Zur Umarmung kommt es nicht. Doch Habermas, der Kühle, hätte sich gar nicht erst auf die Show eingelassen, führte er den Eklat im Schilde. Als die Begegnung die freie Form der Aussprache annimmt, ist die Sache im Grunde gelaufen. Die Legende sagt zwei Sätze, die alle mitschreiben: „Ich säße nicht hier, wenn ich nicht einen sozialdemokratischen Wahlsieg wünschen würde.“ Und: „Gerhard Schröder ist es zuzutrauen, daß er Menschen zusammenführen kann.“ Na also, geht doch! Aber wie dünnlippig das rüberkommt, wie durch und durch auf dem Boden pragmatischer Rationalität gewachsen! Es muß sich um eine Erscheinungsform von „Bereichsethik“ handeln. Ein Schulterschluß im Konjunktiv, geboren aus der Erkenntnis, daß schlichtweg kein besserer da ist, der den Laden schmeißen könnte, zumindest kein „mehrheitsfähiger“. Nehmen wir halt den Territorialherrn! Nein, diese in den Block diktierte Wahlempfehlung hat so überhaupt nichts von alter Willy- wählen-Euphorie, lustigem Mehr- Demokratie-wagen-Zirkus, barock inszeniert von Großschriftstellern mit Seehundbärten. Es liegt etwas Preußisches darin, ein Touch von Staatsphilosophie, der schlechten Realität auf dem Vernunftwege abgerungen. Vielleicht klingt so „Berliner Republik“. „Das Wirkliche ist vernünftig, und das Vernünftige ist wirklich“, wird Oskar Negt am Nachmittag nur halb ironisch Hegel zitieren. Doch da ist Schröder längst enteilt. „Termine“.

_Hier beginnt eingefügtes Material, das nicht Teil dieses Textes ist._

(* Let $2\leq k<n$ and let $K\subset\mathbb{C}^n$ be a convex body such that for every complex $k$-dimensional linear subspace $P\subset\mathbb{C}^n$, the orthogonal projection of $K$ onto $P$ is symmetric. Then $K$ is symmetric.
   Context: A convex body is a compact convex subset of $\mathbb{C}^n$ with nonempty interior. $\mathbb{S}^1=\{\xi\in\mathbb{C}:|\xi|=1\}$. A set $A\subset\mathbb{C}^n$ is called symmetric if there is a translated copy $A'=A-x_0$ of $A$ such that $\xi A'=A'$ for every $\xi\in\mathbb{S}^1$. Orthogonal projections are with respect to the standard Hermitian inner product on $\mathbb{C}^n$. *)

theory Defs
  imports "HOL-Analysis.Analysis"
begin

text \<open>C^n is modelled as complex ^ 'n with n = CARD('n).\<close>

definition herm_inner :: "complex ^ 'n \<Rightarrow> complex ^ 'n \<Rightarrow> complex" where
  "herm_inner x y = (\<Sum>i\<in>UNIV. x $ i * cnj (y $ i))"

definition orth_proj :: "(complex ^ 'n) set \<Rightarrow> complex ^ 'n \<Rightarrow> complex ^ 'n" where
  "orth_proj P x = (THE p. p \<in> P \<and> (\<forall>q\<in>P. herm_inner (x - p) q = 0))"

definition convex_body :: "(complex ^ 'n) set \<Rightarrow> bool" where
  "convex_body K \<longleftrightarrow> compact K \<and> convex K \<and> interior K \<noteq> {}"

definition symmetric_set :: "(complex ^ 'n) set \<Rightarrow> bool" where
  "symmetric_set A \<longleftrightarrow> (\<exists>x0. \<forall>\<xi>::complex. norm \<xi> = 1 \<longrightarrow>
      (\<lambda>a. \<xi> *s a) ` ((\<lambda>a. a - x0) ` A) = (\<lambda>a. a - x0) ` A)"

end

theory Submission
  imports Defs
begin

text \<open>For a vector \<open>u\<close> let \<open>S u = {\<langle>y, u\<rangle> | y \<in> K}\<close>, a compact subset of \<open>\<complex>\<close>.
  If \<open>u\<close> lies in a \<open>k\<close>-dimensional subspace \<open>P\<close>, then \<open>S u\<close> is also the image of the projection
  of \<open>K\<close> onto \<open>P\<close>, so the centre \<open>x\<^sub>P\<close> of that projection makes \<open>S u\<close> circularly symmetric
  about \<open>\<langle>x\<^sub>P, u\<rangle>\<close>. A bounded set has at most one centre of symmetry, so \<open>m u\<close>, the centre
  of \<open>S u\<close>, is well defined; since any two vectors lie in a common \<open>P\<close> (here \<open>k \<ge> 2\<close> is used),
  \<open>m\<close> is conjugate-linear, i.e. \<open>m u = \<langle>x\<^sub>0, u\<rangle>\<close> for a single point \<open>x\<^sub>0\<close>.
  Finally, a point outside a closed convex set is separated from it by a real functional
  \<open>Re \<langle>\<cdot>, u\<rangle>\<close>, so the symmetry of all the sets \<open>S u\<close> about \<open>\<langle>x\<^sub>0, u\<rangle>\<close> forces the symmetry of \<open>K\<close>
  about \<open>x\<^sub>0\<close>.\<close>

lemma herm_inner_add_left: "herm_inner (x + y) z = herm_inner x z + herm_inner y z"
  by (simp add: herm_inner_def sum.distrib algebra_simps)

lemma herm_inner_diff_left: "herm_inner (x - y) z = herm_inner x z - herm_inner y z"
  by (simp add: herm_inner_def sum_subtractf algebra_simps)

lemma herm_inner_scale_left: "herm_inner (c *s x) z = c * herm_inner x z"
  by (simp add: herm_inner_def sum_distrib_left algebra_simps)

lemma herm_inner_add_right: "herm_inner x (y + z) = herm_inner x y + herm_inner x z"
  by (simp add: herm_inner_def sum.distrib algebra_simps)

lemma herm_inner_scale_right: "herm_inner x (c *s y) = cnj c * herm_inner x y"
  by (simp add: herm_inner_def sum_distrib_left algebra_simps)

lemma herm_inner_commute: "herm_inner x y = cnj (herm_inner y x)"
  by (simp add: herm_inner_def mult.commute)

lemma herm_inner_self_eq_zero: "herm_inner x x = 0 \<longleftrightarrow> x = 0"
proof
  assume "herm_inner x x = 0"
  moreover have "herm_inner x x = complex_of_real (\<Sum>i\<in>UNIV. (norm (x$i))\<^sup>2)"
    by (simp add: herm_inner_def of_real_sum flip: complex_norm_square)
  ultimately have "(\<Sum>i\<in>UNIV. (norm (x$i))\<^sup>2) = 0"
    by (metis of_real_eq_0_iff)
  then show "x = 0"
    by (simp add: sum_nonneg_eq_0_iff vec_eq_iff)
qed (simp add: herm_inner_def)

lemma inner_eq_Re_herm_inner: "inner u (x :: complex^'n) = Re (herm_inner x u)"
  by (simp add: inner_vec_def herm_inner_def Re_sum inner_complex_def mult.commute)

lemma continuous_on_herm_inner: "continuous_on A (\<lambda>y. herm_inner y u)"
  unfolding herm_inner_def by (intro continuous_intros)

lemma scaleR_eq_vector_scalar_mult: "(r::real) *\<^sub>R (x::complex^'n) = complex_of_real r *s x"
  unfolding vec_eq_iff vector_scaleR_component vector_smult_component
  by (simp add: scaleR_conv_of_real)

lemma orth_proj_characterization:
  assumes P: "vec.subspace (P :: (complex^'n) set)"
  shows "orth_proj P x \<in> P" and "\<And>q. q \<in> P \<Longrightarrow> herm_inner (x - orth_proj P x) q = 0"
proof -
  have "subspace P"
    using P unfolding subspace_def vec.subspace_def by (auto simp: scaleR_eq_vector_scalar_mult)
  then obtain y z where yP: "y \<in> P" and z: "\<And>w. w \<in> P \<Longrightarrow> orthogonal z w" and xyz: "x = y + z"
    using orthogonal_subspace_decomp_exists[of P x] by (metis span_eq_iff)
  \<comment> \<open>real orthogonality to \<open>q\<close> and to \<open>\<i> q\<close> kills both parts of the Hermitian product\<close>
  have orth: "herm_inner (x - y) q = 0" if q: "q \<in> P" for q
  proof -
    have "Re (herm_inner q z) = 0"
      using z[OF q] by (simp add: orthogonal_def inner_eq_Re_herm_inner)
    moreover have "Im (herm_inner q z) = 0"
      using z[of "\<i> *s q"] q P
      by (simp add: orthogonal_def inner_eq_Re_herm_inner herm_inner_scale_left vec.subspace_scale)
    ultimately show ?thesis
      using xyz by (simp add: herm_inner_commute[of z q] complex_eq_iff)
  qed
  have unique: "p = y" if "p \<in> P" "\<forall>q\<in>P. herm_inner (x - p) q = 0" for p
  proof -
    have "p - y \<in> P" using P that(1) yP by (simp add: vec.subspace_diff)
    then have "herm_inner (x - y) (p - y) - herm_inner (x - p) (p - y) = 0"
      using that(2) orth by auto
    then have "herm_inner (p - y) (p - y) = 0"
      by (simp add: herm_inner_diff_left[symmetric] algebra_simps)
    then show ?thesis by (simp add: herm_inner_self_eq_zero)
  qed
  have "orth_proj P x = y"
    unfolding orth_proj_def by (rule the_equality) (use yP orth unique in blast)+
  then show "orth_proj P x \<in> P" "\<And>q. q \<in> P \<Longrightarrow> herm_inner (x - orth_proj P x) q = 0"
    using yP orth by auto
qed

lemma herm_inner_orth_proj:
  assumes "vec.subspace P" "u \<in> P"
  shows "herm_inner (orth_proj P y) u = herm_inner y u"
  using orth_proj_characterization(2)[OF assms] by (simp add: herm_inner_diff_left)

definition circ_symmetric_about :: "(complex^'n) set \<Rightarrow> complex^'n \<Rightarrow> bool" where
  "circ_symmetric_about A c \<longleftrightarrow> (\<forall>\<xi>. norm \<xi> = 1 \<longrightarrow> (\<forall>a\<in>A. c + \<xi> *s (a - c) \<in> A))"

definition circ_symmetric_about_complex :: "complex set \<Rightarrow> complex \<Rightarrow> bool" where
  "circ_symmetric_about_complex S c \<longleftrightarrow> (\<forall>\<xi>. norm \<xi> = 1 \<longrightarrow> (\<forall>s\<in>S. c + \<xi> * (s - c) \<in> S))"

lemma symmetric_set_iff_circ_symmetric_about:
  "symmetric_set A \<longleftrightarrow> (\<exists>c. circ_symmetric_about A c)"
proof -
  have "(\<forall>\<xi>::complex. norm \<xi> = 1 \<longrightarrow> (\<lambda>a. \<xi> *s a) ` ((\<lambda>a. a - c) ` A) = (\<lambda>a. a - c) ` A)
    \<longleftrightarrow> circ_symmetric_about A c" for c
  proof
    assume H: "\<forall>\<xi>::complex. norm \<xi> = 1 \<longrightarrow> (\<lambda>a. \<xi> *s a) ` ((\<lambda>a. a - c) ` A) = (\<lambda>a. a - c) ` A"
    show "circ_symmetric_about A c" unfolding circ_symmetric_about_def
    proof (intro allI impI ballI)
      fix \<xi> :: complex and a assume "norm \<xi> = 1" "a \<in> A"
      then obtain b where "b \<in> A" "\<xi> *s (a - c) = b - c" using H by blast
      then show "c + \<xi> *s (a - c) \<in> A" by simp
    qed
  next
    assume H: "circ_symmetric_about A c"
    show "\<forall>\<xi>::complex. norm \<xi> = 1 \<longrightarrow> (\<lambda>a. \<xi> *s a) ` ((\<lambda>a. a - c) ` A) = (\<lambda>a. a - c) ` A"
    proof (intro allI impI equalityI subsetI)
      fix \<xi> :: complex and y assume "norm \<xi> = 1" "y \<in> (\<lambda>a. \<xi> *s a) ` ((\<lambda>a. a - c) ` A)"
      then obtain a where a: "a \<in> A" "y = \<xi> *s (a - c)" by blast
      have "c + \<xi> *s (a - c) \<in> A"
        using H \<open>norm \<xi> = 1\<close> a(1) unfolding circ_symmetric_about_def by blast
      then show "y \<in> (\<lambda>a. a - c) ` A"
        using a(2) by (intro image_eqI[where x="c + \<xi> *s (a - c)"]) simp_all
    next
      fix \<xi> :: complex and y assume \<xi>: "norm \<xi> = 1" and "y \<in> (\<lambda>a. a - c) ` A"
      then obtain b where b: "b \<in> A" "y = b - c" by blast
      have b': "c + cnj \<xi> *s (b - c) \<in> A"
        using H \<xi> b unfolding circ_symmetric_about_def by simp
      have "\<xi> * cnj \<xi> = 1"
        using \<xi> by (metis complex_norm_square of_real_1 power_one)
      then have "y = \<xi> *s ((c + cnj \<xi> *s (b - c)) - c)"
        using b by (simp add: vector_smult_assoc)
      then show "y \<in> (\<lambda>a. \<xi> *s a) ` ((\<lambda>a. a - c) ` A)"
        by (rule image_eqI[OF _ imageI[OF b']])
    qed
  qed
  then show ?thesis unfolding symmetric_set_def by blast
qed

lemma point_symmetry_centre_unique:
  fixes S :: "'a::real_normed_vector set"
  assumes "bounded S" "S \<noteq> {}"
    and sym_a: "\<And>s. s \<in> S \<Longrightarrow> 2 *\<^sub>R a - s \<in> S"
    and sym_b: "\<And>s. s \<in> S \<Longrightarrow> 2 *\<^sub>R b - s \<in> S"
  shows "a = b"
proof (rule ccontr)
  assume "a \<noteq> b"
  then have d: "norm (2 *\<^sub>R (b - a)) > 0" by simp
  obtain s where s: "s \<in> S" using assms(2) by blast
  obtain B where B: "\<And>x. x \<in> S \<Longrightarrow> norm x \<le> B" using assms(1) bounded_iff by blast
  \<comment> \<open>the composite of the two reflections is a translation by \<open>2 (b - a)\<close>\<close>
  have translates: "s + real n *\<^sub>R (2 *\<^sub>R (b - a)) \<in> S" for n
  proof (induction n)
    case (Suc n)
    show ?case using sym_b[OF sym_a[OF Suc]] by (simp add: algebra_simps)
  qed (simp add: s)
  obtain n :: nat where "real n > (B + norm s) / norm (2 *\<^sub>R (b - a))"
    using reals_Archimedean2 by blast
  then have "B + norm s < norm (real n *\<^sub>R (2 *\<^sub>R (b - a)))"
    using d by (simp add: pos_divide_less_eq)
  also have "\<dots> \<le> norm (s + real n *\<^sub>R (2 *\<^sub>R (b - a))) + norm s"
    using norm_triangle_ineq4[of "s + real n *\<^sub>R (2 *\<^sub>R (b - a))" s] by simp
  also have "\<dots> \<le> B + norm s" using B[OF translates] by simp
  finally show False by simp
qed

definition circ_centre :: "complex set \<Rightarrow> complex" where
  "circ_centre S = (SOME c. circ_symmetric_about_complex S c)"

lemma circ_symmetric_about_circ_centre:
  "circ_symmetric_about_complex S c \<Longrightarrow> circ_symmetric_about_complex S (circ_centre S)"
  unfolding circ_centre_def by (rule someI)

Und was war nun mit der „inklusiven Politik“? Jetzt, ohne den Kandidaten, hätte man doch endlich frei über die „Einbeziehung des Anderen“ diskutieren können – und tat es sogar. Schwungvolle Reden auf interessant besetztem Podium. Negt läuft zu Form auf, entwirft aus dem Stegreif ein Pro- SPD-7-Punkteprogramm. Die feministische Forscherin Seyla Benhabib differenziert den Begriff des „Fremden“ und verweist auf positive Erfahrungen in Dänemark und anderswo. Demonstranten entrollen ein Transparent gegen das geplante Asylbewerberleistungsgesetz.

Doch irgendwie bleiben das alles Gespräche über den abwesenden Herrn S. Der Moment, in dem der Glamour erlischt, ist immer verblüffend. Die Fotografendichte sinkt schlagartig. Die Blitzberichter eilen davon. Schröder has left the building.